This repository contains the code and other resources for our proposed solution for the COVID-19 Retweet Prediction Challenge at CIKM2020 Analyticup. The proposed solution ranked 4th on the final testing leaderboard among 20 teams (51 teams in the validation phase). The pre-print of our report is available here.


Requirements

  • Download relevant data files from here with password: cgfm, unpack any tar.gz files in the model directory
    • model directory contains trained models
    • tmp directory contains extracted data for training and prediction
    • data directory contains raw data provided by the challenge origranizers
  • Check and install relevant packages based on requrirements.txt - pip install requirements.txt
  • All experiments are run with a commodity laptop (Intel CoreI5 processor at 2.6 GHz, 8GB of RAM, and with 200GB swap space)

Scripts

  • test.py loads the test data and run different RERFs to get the prediction results in the output directory and ensembles those results. Afterwards, it applied personalized patching to update the final prediction results for users having a sufficient number of tweets in the training set.
  • train.py contains code for training different RERFs, which are used in the test.py.
  • utils.py contains necessary utility functions for train.py and test.py.
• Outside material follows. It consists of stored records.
(* Let $\alpha=1^{a_1}2^{a_2}\cdots$ be a partition and $n\geq 0$ an integer. Then $$\Big\{\binom X\alpha\Big\}_n=\begin{cases}\dfrac{\mathrm{sgn}(\alpha)}{z_\alpha} & \text{if } n\in\{|\alpha|,|\alpha|+1\},\\[2mm] 0 & \text{otherwise,}\end{cases}$$ where $z_\alpha=\prod_i i^{a_i}a_i!$ and $\mathrm{sgn}(\alpha)=(-1)^{|\alpha|-l(\alpha)}$ is the value of the sign character on a permutation of cycle type $\alpha$.
   Context: For $i\geq 1$, $X_i$ is the class function on $S_n$ (for every $n$) with $X_i(\sigma)$ = number of cycles of length $i$ of $\sigma$. A partition $\alpha$ is written in exponential notation $1^{a_1}2^{a_2}\cdots$ where $a_i$ is the number of parts equal to $i$; $|\alpha|=\sum_i ia_i$ and $l(\alpha)=\sum_i a_i$. Define $\binom X\alpha=\prod_i\binom{X_i}{a_i}\in\mathbb C[X_1,X_2,\dotsc]$. For $p\in\mathbb C[X_1,X_2,\dotsc]$ the signed moment is $\{p\}_n=\frac1{n!}\sum_{\sigma\in S_n}\mathrm{sgn}(\sigma)\,p(X_1(\sigma),X_2(\sigma),\dotsc)$ (with $S_0$ the trivial group). *)

theory Defs
  imports Complex_Main "HOL-Combinatorics.Combinatorics"
begin

text \<open>Permutations in S_n are modelled as functions nat => nat permuting {0..<n}.
  X_i(sigma) = number of cycles (orbits, fixed points included) of length i.\<close>

definition cycle_count :: "nat \<Rightarrow> nat \<Rightarrow> (nat \<Rightarrow> nat) \<Rightarrow> nat" where
  "cycle_count n i \<sigma> = card {orbit \<sigma> x | x. x \<in> {0..<n} \<and> card (orbit \<sigma> x) = i}"

text \<open>A partition alpha = 1^{a_1} 2^{a_2} ... is given by its multiplicity function a
  (a 0 = 0, finite support).\<close>

definition is_partition :: "(nat \<Rightarrow> nat) \<Rightarrow> bool" where
  "is_partition a \<longleftrightarrow> a 0 = 0 \<and> finite {i. a i \<noteq> 0}"

definition part_size :: "(nat \<Rightarrow> nat) \<Rightarrow> nat" where
  "part_size a = (\<Sum>i\<in>{i. a i \<noteq> 0}. i * a i)"

definition part_length :: "(nat \<Rightarrow> nat) \<Rightarrow> nat" where
  "part_length a = (\<Sum>i\<in>{i. a i \<noteq> 0}. a i)"

definition z_part :: "(nat \<Rightarrow> nat) \<Rightarrow> nat" where
  "z_part a = (\<Prod>i\<in>{i. a i \<noteq> 0}. i ^ a i * fact (a i))"

definition sgn_part :: "(nat \<Rightarrow> nat) \<Rightarrow> int" where
  "sgn_part a = (-1) ^ (part_size a - part_length a)"

definition binomX :: "(nat \<Rightarrow> nat) \<Rightarrow> nat \<Rightarrow> (nat \<Rightarrow> nat) \<Rightarrow> complex" where
  "binomX a n \<sigma> = (\<Prod>i\<in>{i. a i \<noteq> 0}. of_nat (cycle_count n i \<sigma> choose a i))"

definition signed_moment :: "nat \<Rightarrow> ((nat \<Rightarrow> nat) \<Rightarrow> complex) \<Rightarrow> complex" where
  "signed_moment n p = (1 / of_nat (fact n)) *
     (\<Sum>\<sigma>\<in>{\<sigma>. \<sigma> permutes {0..<n}}. of_int (sign \<sigma>) * p \<sigma>)"

end

theory Submission
  imports Defs
begin

text \<open>
  Write \<open>S(A, \<alpha>)\<close> for the sum of \<open>sgn \<sigma> \<cdot> binom(X, \<alpha>)(\<sigma>)\<close> over the permutations
  \<open>\<sigma>\<close> of a finite set \<open>A\<close>, so that the signed moment is \<open>S({0..<n}, \<alpha>) / n!\<close>.
  If \<open>a\<^sub>k > 0\<close>, the identity \<open>a\<^sub>k binom(c, a\<^sub>k) = c binom(c - 1, a\<^sub>k - 1)\<close> for
  \<open>c = X\<^sub>k(\<sigma>)\<close> turns \<open>a\<^sub>k binom(X, \<alpha>)(\<sigma>)\<close> into a sum, over the \<open>k\<close>-cycles \<open>Q\<close> of
  \<open>\<sigma>\<close>, of \<open>binom(X, \<alpha> - e\<^sub>k)\<close> at the restriction of \<open>\<sigma>\<close> to \<open>A - Q\<close>. Splitting
  \<open>\<sigma>\<close> into a cyclic permutation of \<open>Q\<close> and a permutation of \<open>A - Q\<close>, and using that
  the \<open>(k - 1)!\<close> cyclic permutations of \<open>Q\<close> all have sign \<open>(-1)\<^bsup>k - 1\<^esup>\<close>, gives
  \<open>a\<^sub>k S(A, \<alpha>) = (-1)\<^bsup>k - 1\<^esup> (k - 1)!\<close> times the sum of \<open>S(A - Q, \<alpha> - e\<^sub>k)\<close>
  over the \<open>k\<close>-subsets \<open>Q\<close> of \<open>A\<close>.
  Induction on \<open>l(\<alpha>)\<close> then shows \<open>z\<^sub>\<alpha> S(A, \<alpha>) = sgn(\<alpha>) |A|!\<close> if
  \<open>|A| \<in> {|\<alpha>|, |\<alpha>| + 1}\<close> and \<open>0\<close> otherwise; for the empty partition this is the
  fact that the signs of all permutations of \<open>A\<close> cancel unless \<open>|A| \<le> 1\<close>.
\<close>

section \<open>Cyclic permutations\<close>

lemma funpow_cycle_of_list_hd:
  assumes "distinct L" "L \<noteq> []"
  shows "(cycle_of_list L ^^ i) (hd L) = L ! (i mod length L)"
proof -
  have "map (cycle_of_list L ^^ i) L = rotate i L"
    using cyclic_rotation[OF assms(1)] .
  then have "map (cycle_of_list L ^^ i) L ! 0 = rotate i L ! 0"
    by simp
  then show ?thesis
    using assms by (simp add: nth_rotate hd_conv_nth)
qed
Models used for the global ensemble

No. RERF Details Weight
1 LinearRegression(fit_intercept=False)
RandomForestRegressor(n_estimators=500, max_depth=20, random_state=7)
1
2 MLPRegressor(batch_size=1024, hidden_layer_sizes=(64,32,16,8,8), random_state=7)
RandomForestRegressor(n_estimators=1000, max_depth=18, random_state=7)
1
3 MLPRegressor(batch_size=2048, hidden_layer_sizes=(128,64,32,16,8,8), random_state=77)
RandomForestRegressor(n_estimators=500, max_depth=18, random_state=77)
1
4 MLPRegressor(batch_size=2048, hidden_layer_sizes=(128,64,32,16,8), random_state=18)
RandomForestRegressor(n_estimators=500, max_depth=18, random_state=18)
1
5 MLPRegressor(batch_size=2048, hidden_layer_sizes=(64,16,8), random_state=19)
RandomForestRegressor(n_estimators=500, max_depth=18, random_state=19)
1
6 MLPRegressor(batch_size=2048, hidden_layer_sizes=(128,64,16,8), random_state=20)
RandomForestRegressor(n_estimators=500, max_depth=18, random_state=20)
1
7 MLPRegressor(batch_size=4096, hidden_layer_sizes=(128,64,16,8,4), random_state=201)
RandomForestRegressor(n_estimators=500, max_depth=18, random_state=201)
1
8 MLPRegressor(batch_size=4096, hidden_layer_sizes=(128,64,32,8), random_state=211)
RandomForestRegressor(n_estimators=500, max_depth=18, random_state=211)
2
9 MLPRegressor(batch_size=4096, hidden_layer_sizes=(128,64,32,8,8), random_state=22)
RandomForestRegressor(n_estimators=500, max_depth=18, random_state=22)
1
10 MLPRegressor(batch_size=4096, hidden_layer_sizes=(128,64,32,16,8), random_state=27)
RandomForestRegressor(n_estimators=500, max_depth=18, random_state=27)
1
11 MLPRegressor(batch_size=4096, hidden_layer_sizes=(128,64,32,32,16), random_state=211)
RandomForestRegressor(n_estimators=500, max_depth=18, random_state=28)
1
12 xDeepFM()
RandomForestRegressor(n_estimators=500, max_depth=16, random_state=28)
1
13 DeepFM()
RandomForestRegressor(n_estimators=500, max_depth=16, random_state=29)
2
14 DeepFM()
RandomForestRegressor(n_estimators=500, max_depth=16, random_state=28)
1

Citation

Guangyuan Piao and Weipeng Huang, "Regression-enhanced Random Forests with Personalized Patching for COVID-19 Retweet Prediction", CIKM Analyticup Workshop at CIKM'20, Galway, Ireland, 2020. [PDF] [bibtex] (CKIM Analyticup Proceedings-http://ceur-ws.org/Vol-2881/)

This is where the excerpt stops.